## Records drawn from a dataset

:::::

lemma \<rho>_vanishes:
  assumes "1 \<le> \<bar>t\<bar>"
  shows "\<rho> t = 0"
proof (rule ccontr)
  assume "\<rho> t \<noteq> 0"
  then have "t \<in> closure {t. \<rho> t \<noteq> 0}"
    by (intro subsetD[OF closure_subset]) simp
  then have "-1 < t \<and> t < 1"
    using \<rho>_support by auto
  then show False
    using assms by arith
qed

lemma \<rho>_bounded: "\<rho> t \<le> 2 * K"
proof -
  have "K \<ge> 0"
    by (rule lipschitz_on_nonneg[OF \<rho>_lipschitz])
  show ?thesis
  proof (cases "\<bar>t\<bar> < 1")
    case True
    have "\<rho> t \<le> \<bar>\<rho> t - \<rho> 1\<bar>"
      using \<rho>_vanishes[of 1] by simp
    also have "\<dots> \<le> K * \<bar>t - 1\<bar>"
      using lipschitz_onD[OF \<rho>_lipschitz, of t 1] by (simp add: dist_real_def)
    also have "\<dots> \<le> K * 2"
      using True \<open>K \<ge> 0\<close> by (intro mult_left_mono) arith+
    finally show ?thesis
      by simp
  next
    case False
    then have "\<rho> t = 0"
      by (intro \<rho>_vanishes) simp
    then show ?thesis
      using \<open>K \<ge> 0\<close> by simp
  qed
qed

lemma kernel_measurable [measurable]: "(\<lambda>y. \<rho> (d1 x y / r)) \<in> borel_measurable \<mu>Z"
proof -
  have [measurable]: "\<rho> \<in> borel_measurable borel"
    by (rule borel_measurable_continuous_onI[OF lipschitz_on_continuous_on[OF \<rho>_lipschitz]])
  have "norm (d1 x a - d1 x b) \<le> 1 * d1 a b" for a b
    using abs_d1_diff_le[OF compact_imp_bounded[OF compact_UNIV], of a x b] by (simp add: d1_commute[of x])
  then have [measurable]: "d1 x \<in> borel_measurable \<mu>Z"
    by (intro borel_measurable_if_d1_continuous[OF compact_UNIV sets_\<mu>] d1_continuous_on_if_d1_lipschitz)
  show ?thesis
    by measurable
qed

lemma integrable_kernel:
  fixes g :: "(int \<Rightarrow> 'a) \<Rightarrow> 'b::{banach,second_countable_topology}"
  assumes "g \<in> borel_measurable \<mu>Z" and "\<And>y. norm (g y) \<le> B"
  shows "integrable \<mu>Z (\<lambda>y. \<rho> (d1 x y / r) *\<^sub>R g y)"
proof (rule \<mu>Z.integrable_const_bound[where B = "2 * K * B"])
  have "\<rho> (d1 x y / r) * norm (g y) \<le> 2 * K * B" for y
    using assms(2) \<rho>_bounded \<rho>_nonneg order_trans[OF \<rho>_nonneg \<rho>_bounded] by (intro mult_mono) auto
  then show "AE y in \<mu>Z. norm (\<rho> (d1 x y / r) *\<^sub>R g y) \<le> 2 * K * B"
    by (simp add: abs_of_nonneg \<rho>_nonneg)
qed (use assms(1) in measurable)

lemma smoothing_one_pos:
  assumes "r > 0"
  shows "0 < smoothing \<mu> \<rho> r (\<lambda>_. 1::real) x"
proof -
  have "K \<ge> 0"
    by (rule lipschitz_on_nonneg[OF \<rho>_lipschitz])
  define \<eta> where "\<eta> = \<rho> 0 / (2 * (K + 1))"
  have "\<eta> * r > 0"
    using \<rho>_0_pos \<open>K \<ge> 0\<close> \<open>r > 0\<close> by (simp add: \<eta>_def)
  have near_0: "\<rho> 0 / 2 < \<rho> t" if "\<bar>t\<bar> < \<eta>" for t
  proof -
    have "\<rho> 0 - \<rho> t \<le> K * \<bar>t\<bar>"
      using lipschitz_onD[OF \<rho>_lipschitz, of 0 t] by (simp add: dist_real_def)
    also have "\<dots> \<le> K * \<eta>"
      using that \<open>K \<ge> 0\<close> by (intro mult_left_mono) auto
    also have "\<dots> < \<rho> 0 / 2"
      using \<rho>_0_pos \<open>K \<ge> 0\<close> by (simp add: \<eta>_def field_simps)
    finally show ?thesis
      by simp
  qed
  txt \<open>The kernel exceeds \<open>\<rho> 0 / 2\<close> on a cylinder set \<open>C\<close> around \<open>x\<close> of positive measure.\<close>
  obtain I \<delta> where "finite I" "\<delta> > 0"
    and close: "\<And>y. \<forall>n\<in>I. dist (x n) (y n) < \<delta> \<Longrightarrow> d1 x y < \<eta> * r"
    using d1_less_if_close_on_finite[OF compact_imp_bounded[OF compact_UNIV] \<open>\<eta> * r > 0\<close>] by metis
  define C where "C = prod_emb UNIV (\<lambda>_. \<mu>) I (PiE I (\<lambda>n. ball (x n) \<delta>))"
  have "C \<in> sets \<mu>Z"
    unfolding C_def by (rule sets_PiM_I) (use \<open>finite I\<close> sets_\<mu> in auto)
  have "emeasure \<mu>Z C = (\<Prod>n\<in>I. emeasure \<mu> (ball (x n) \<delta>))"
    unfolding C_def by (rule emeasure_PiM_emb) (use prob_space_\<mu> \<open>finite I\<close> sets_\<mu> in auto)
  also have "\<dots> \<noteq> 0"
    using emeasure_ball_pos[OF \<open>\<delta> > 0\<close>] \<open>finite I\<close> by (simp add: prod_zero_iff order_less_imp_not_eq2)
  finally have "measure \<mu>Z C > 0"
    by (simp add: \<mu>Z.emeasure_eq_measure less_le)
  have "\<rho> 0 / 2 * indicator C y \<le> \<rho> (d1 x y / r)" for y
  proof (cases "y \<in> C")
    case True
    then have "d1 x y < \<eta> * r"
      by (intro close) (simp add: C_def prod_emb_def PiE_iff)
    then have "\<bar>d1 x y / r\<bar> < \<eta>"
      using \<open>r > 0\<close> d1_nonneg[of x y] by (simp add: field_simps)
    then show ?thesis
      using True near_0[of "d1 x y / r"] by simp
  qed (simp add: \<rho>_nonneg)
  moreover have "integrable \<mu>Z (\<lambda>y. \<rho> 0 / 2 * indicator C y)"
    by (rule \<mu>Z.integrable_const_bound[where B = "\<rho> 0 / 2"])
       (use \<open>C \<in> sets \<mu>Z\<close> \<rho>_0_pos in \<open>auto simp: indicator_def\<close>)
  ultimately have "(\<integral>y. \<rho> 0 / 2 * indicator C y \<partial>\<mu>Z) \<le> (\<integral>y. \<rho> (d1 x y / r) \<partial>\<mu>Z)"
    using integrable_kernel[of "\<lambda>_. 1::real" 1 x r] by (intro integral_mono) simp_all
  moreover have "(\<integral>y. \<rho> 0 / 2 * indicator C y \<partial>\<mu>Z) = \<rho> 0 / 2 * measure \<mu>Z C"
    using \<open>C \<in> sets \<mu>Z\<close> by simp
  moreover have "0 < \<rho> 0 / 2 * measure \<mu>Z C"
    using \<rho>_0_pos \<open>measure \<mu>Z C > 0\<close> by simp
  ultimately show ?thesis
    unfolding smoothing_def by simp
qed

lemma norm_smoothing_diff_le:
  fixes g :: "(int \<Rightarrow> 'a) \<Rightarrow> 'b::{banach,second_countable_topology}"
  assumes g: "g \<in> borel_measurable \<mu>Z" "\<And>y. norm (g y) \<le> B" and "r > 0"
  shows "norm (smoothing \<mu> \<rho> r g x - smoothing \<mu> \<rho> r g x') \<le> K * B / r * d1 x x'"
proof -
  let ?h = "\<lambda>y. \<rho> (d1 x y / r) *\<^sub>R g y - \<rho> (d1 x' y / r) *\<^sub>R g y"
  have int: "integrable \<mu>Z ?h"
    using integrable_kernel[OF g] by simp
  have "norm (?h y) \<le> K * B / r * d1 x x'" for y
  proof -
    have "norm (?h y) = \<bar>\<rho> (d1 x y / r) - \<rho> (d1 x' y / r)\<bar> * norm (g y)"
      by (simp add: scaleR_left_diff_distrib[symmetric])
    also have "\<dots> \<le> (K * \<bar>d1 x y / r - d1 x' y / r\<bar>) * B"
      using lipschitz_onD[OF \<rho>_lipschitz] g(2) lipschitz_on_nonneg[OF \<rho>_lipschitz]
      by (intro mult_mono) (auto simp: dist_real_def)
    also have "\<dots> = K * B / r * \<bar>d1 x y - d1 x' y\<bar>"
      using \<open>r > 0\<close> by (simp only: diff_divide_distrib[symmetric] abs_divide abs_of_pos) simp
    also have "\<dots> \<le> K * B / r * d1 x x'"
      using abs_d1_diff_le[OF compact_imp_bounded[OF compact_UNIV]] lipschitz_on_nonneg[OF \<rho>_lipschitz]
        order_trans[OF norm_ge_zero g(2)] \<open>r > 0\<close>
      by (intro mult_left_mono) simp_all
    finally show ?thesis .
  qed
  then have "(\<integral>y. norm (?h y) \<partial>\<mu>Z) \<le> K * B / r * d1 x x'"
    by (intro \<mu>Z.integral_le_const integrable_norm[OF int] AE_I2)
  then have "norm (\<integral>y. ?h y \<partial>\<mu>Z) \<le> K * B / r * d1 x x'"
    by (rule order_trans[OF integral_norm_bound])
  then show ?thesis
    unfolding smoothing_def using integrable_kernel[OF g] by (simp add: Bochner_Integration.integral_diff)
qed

:::::

## Exercise goal
The entries above hold a line with "using d1_less_if_close_on_finite[OF compact_imp_bounded[OF" and a later line with "x y / r\<bar>". Write out exactly those lines and all lines between, nothing more.

## Output of the task
    using d1_less_if_close_on_finite[OF compact_imp_bounded[OF compact_UNIV] \<open>\<eta> * r > 0\<close>] by metis
  define C where "C = prod_emb UNIV (\<lambda>_. \<mu>) I (PiE I (\<lambda>n. ball (x n) \<delta>))"
  have "C \<in> sets \<mu>Z"
    unfolding C_def by (rule sets_PiM_I) (use \<open>finite I\<close> sets_\<mu> in auto)
  have "emeasure \<mu>Z C = (\<Prod>n\<in>I. emeasure \<mu> (ball (x n) \<delta>))"
    unfolding C_def by (rule emeasure_PiM_emb) (use prob_space_\<mu> \<open>finite I\<close> sets_\<mu> in auto)
  also have "\<dots> \<noteq> 0"
    using emeasure_ball_pos[OF \<open>\<delta> > 0\<close>] \<open>finite I\<close> by (simp add: prod_zero_iff order_less_imp_not_eq2)
  finally have "measure \<mu>Z C > 0"
    by (simp add: \<mu>Z.emeasure_eq_measure less_le)
  have "\<rho> 0 / 2 * indicator C y \<le> \<rho> (d1 x y / r)" for y
  proof (cases "y \<in> C")
    case True
    then have "d1 x y < \<eta> * r"
      by (intro close) (simp add: C_def prod_emb_def PiE_iff)
    then have "\<bar>d1 x y / r\<bar> < \<eta>"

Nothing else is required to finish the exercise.